Exercise requirements
Set down word for word each line from the start of the listing through the line that contains "using tess_vertices_eq_vertex_lists[of p", both included.

Given data
lemma set_map_vec_of_list:
  assumes "length V = Suc CARD('d::{finite,linorder})" "\<forall>v\<in>set V. length v = CARD('d)"
  shows "set (map vec_of_list V) = (vertex V ` {..<Suc CARD('d)} :: (real, 'd) vec set)"
proof -
  have "set V = (\<lambda>c. V ! c) ` {..<Suc CARD('d)}"
    using assms(1) by (auto simp: in_set_conv_nth image_iff)
  moreover have "(vec_of_list (V ! c) :: (real, 'd) vec) = vertex V c" if "c < Suc CARD('d)" for c
    using pad_vec_full[where 'n='d, of "V ! c"] assms that by (simp add: vertex_def)
  ultimately show ?thesis
    by (auto simp: image_iff)
qed

context
  fixes p :: "nat \<Rightarrow> real"
  assumes p: "\<forall>i\<in>{1..CARD('d::{finite,linorder})}. p i \<noteq> 0"
begin

abbreviation simplex_vertices :: "real list list \<Rightarrow> (real, 'd) vec set" where
  "simplex_vertices V \<equiv> vertex V ` {..<Suc CARD('d)}"

lemma top_layer: "tessellation_layer p CARD('d) TYPE('d)"
  using tessellation_layer_le_card p by blast

lemma tess_eq: "(tess p :: (real, 'd) vec set set) = (\<lambda>V. convex hull (simplex_vertices V)) ` vertex_lists p CARD('d)"
proof -
  have "tess_vertices p CARD('d) = vertex_lists p CARD('d)"
    using tess_vertices_eq_vertex_lists[of p "CARD('d) - 1"] by simp
  moreover have "set (map vec_of_list V) = simplex_vertices V" if "V \<in> vertex_lists p CARD('d)" for V
    using set_map_vec_of_list tessellation_layer_base[OF top_layer that] by blast
  ultimately show ?thesis
    unfolding tess_def by (auto simp: image_iff)
qed

lemma affine_independent_simplex_vertices:
  "V \<in> vertex_lists p CARD('d) \<Longrightarrow> \<not> affine_dependent (simplex_vertices V)"
  using tessellation_layer_base[OF top_layer] by (simp add: base_simplex_def)

lemma card_simplex_vertices: "V \<in> vertex_lists p CARD('d) \<Longrightarrow> card (simplex_vertices V) = Suc CARD('d)"
  using tessellation_layer_base[OF top_layer] by (simp add: base_simplex_def card_image)
lemma ell_le: "k \<in> {1..K} \<Longrightarrow> w \<in> X \<Longrightarrow> ucgs_ell f G L \<gamma> z k w \<le> f w"
proof (induction k)
  case (Suc k)
  have lin: "f (z (Suc k)) + inner (G (z (Suc k))) (w - z (Suc k)) \<le> f w"
    using convex_on_gradient_inequality[OF convex_f] gradient extrapolation_in Suc.prems by blast
  show ?case
  proof (cases "k = 0")
    case True
    thus ?thesis using lin ucgs_ell_1[of L \<gamma> f G z w] step_sizes[of 1] Suc.prems by simp
  next
    case False
    have k2: "2 \<le> Suc k" using False by simp
    have "\<Gamma> (Suc k) \<noteq> 0" using step_sizes(4)[OF Suc.prems(1)] by simp
    from ucgs_ell_recursion[OF k2 this step_sizes(6)[OF Suc.prems(1) k2], of f G z w]
    have "ucgs_ell f G L \<gamma> z (Suc k) w = (1 - \<gamma> (Suc k)) * ucgs_ell f G L \<gamma> z k w
        + \<gamma> (Suc k) * (f (z (Suc k)) + inner (G (z (Suc k))) (w - z (Suc k)))"
      by simp
    also have "\<dots> \<le> (1 - \<gamma> (Suc k)) * f w + \<gamma> (Suc k) * f w"
      using Suc False lin step_sizes[of "Suc k"] by (intro add_mono mult_left_mono) auto
    finally show ?thesis by (simp add: algebra_simps)
  qed
qed simp

lemma potential_step:
  assumes k: "k \<in> {1..K}" and "w \<in> X"
  shows "f (y k) \<le> (1 - \<gamma> k) * f (y (k - 1)) + \<gamma> k * (f (z k) + inner (G (z k)) (w - z k))
      + real k * \<Gamma> k / 2 * ((norm (w - x (k - 1)))^2 - (norm (w - x k))^2)
      + \<Gamma> k * D^2 + \<epsilon> / 2 * \<gamma> k"
proof -
  have z: "z k = (1 - \<gamma> k) *\<^sub>R y (k - 1) + \<gamma> k *\<^sub>R x (k - 1)"
    and run: "acgm_run X \<sigma> D (G (z k)) (x (k - 1)) (L k * \<gamma> k)
        (L k * \<gamma> k * D^2 / real k) (T k) (x k)"
    and y: "y k = (1 - \<gamma> k) *\<^sub>R y (k - 1) + \<gamma> k *\<^sub>R x k"
    and accept: "ucgs_accept f G \<epsilon> (L k) (\<gamma> k) (z k) (y k)"
    using iteration[OF k] unfolding ucgs_iter_def ucgs_trial_def by auto
  have "x (k - 1) \<in> X" "y (k - 1) \<in> X" using iterates_in[of "k - 1"] k by auto
  hence "inner (acgm_grad (G (z k)) (x (k - 1)) (L k * \<gamma> k) (x k)) (x k - w)
      \<le> L k * \<gamma> k * D^2 / real k"
    using acgm_run_output(2)[OF convex_X _ run] \<open>w \<in> X\<close> by blast
  from ucgs_step_inequality[OF convex_X convex_f gradient \<open>x (k - 1) \<in> X\<close> \<open>y (k - 1) \<in> X\<close>
      step_sizes(2,3)[OF k] z y this accept]
  moreover have "L k * (\<gamma> k)^2 = real k * \<Gamma> k"
    using k by (simp add: ucgs_Gamma_def)
  moreover have "\<gamma> k * (L k * \<gamma> k * D^2 / real k) = \<Gamma> k * D^2"
    by (simp add: ucgs_Gamma_def power2_eq_square)
  ultimately show ?thesis by simp
qed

Solution for this task
lemma set_map_vec_of_list:
  assumes "length V = Suc CARD('d::{finite,linorder})" "\<forall>v\<in>set V. length v = CARD('d)"
  shows "set (map vec_of_list V) = (vertex V ` {..<Suc CARD('d)} :: (real, 'd) vec set)"
proof -
  have "set V = (\<lambda>c. V ! c) ` {..<Suc CARD('d)}"
    using assms(1) by (auto simp: in_set_conv_nth image_iff)
  moreover have "(vec_of_list (V ! c) :: (real, 'd) vec) = vertex V c" if "c < Suc CARD('d)" for c
    using pad_vec_full[where 'n='d, of "V ! c"] assms that by (simp add: vertex_def)
  ultimately show ?thesis
    by (auto simp: image_iff)
qed

context
  fixes p :: "nat \<Rightarrow> real"
  assumes p: "\<forall>i\<in>{1..CARD('d::{finite,linorder})}. p i \<noteq> 0"
begin

abbreviation simplex_vertices :: "real list list \<Rightarrow> (real, 'd) vec set" where
  "simplex_vertices V \<equiv> vertex V ` {..<Suc CARD('d)}"

lemma top_layer: "tessellation_layer p CARD('d) TYPE('d)"
  using tessellation_layer_le_card p by blast

lemma tess_eq: "(tess p :: (real, 'd) vec set set) = (\<lambda>V. convex hull (simplex_vertices V)) ` vertex_lists p CARD('d)"
proof -
  have "tess_vertices p CARD('d) = vertex_lists p CARD('d)"
    using tess_vertices_eq_vertex_lists[of p "CARD('d) - 1"] by simp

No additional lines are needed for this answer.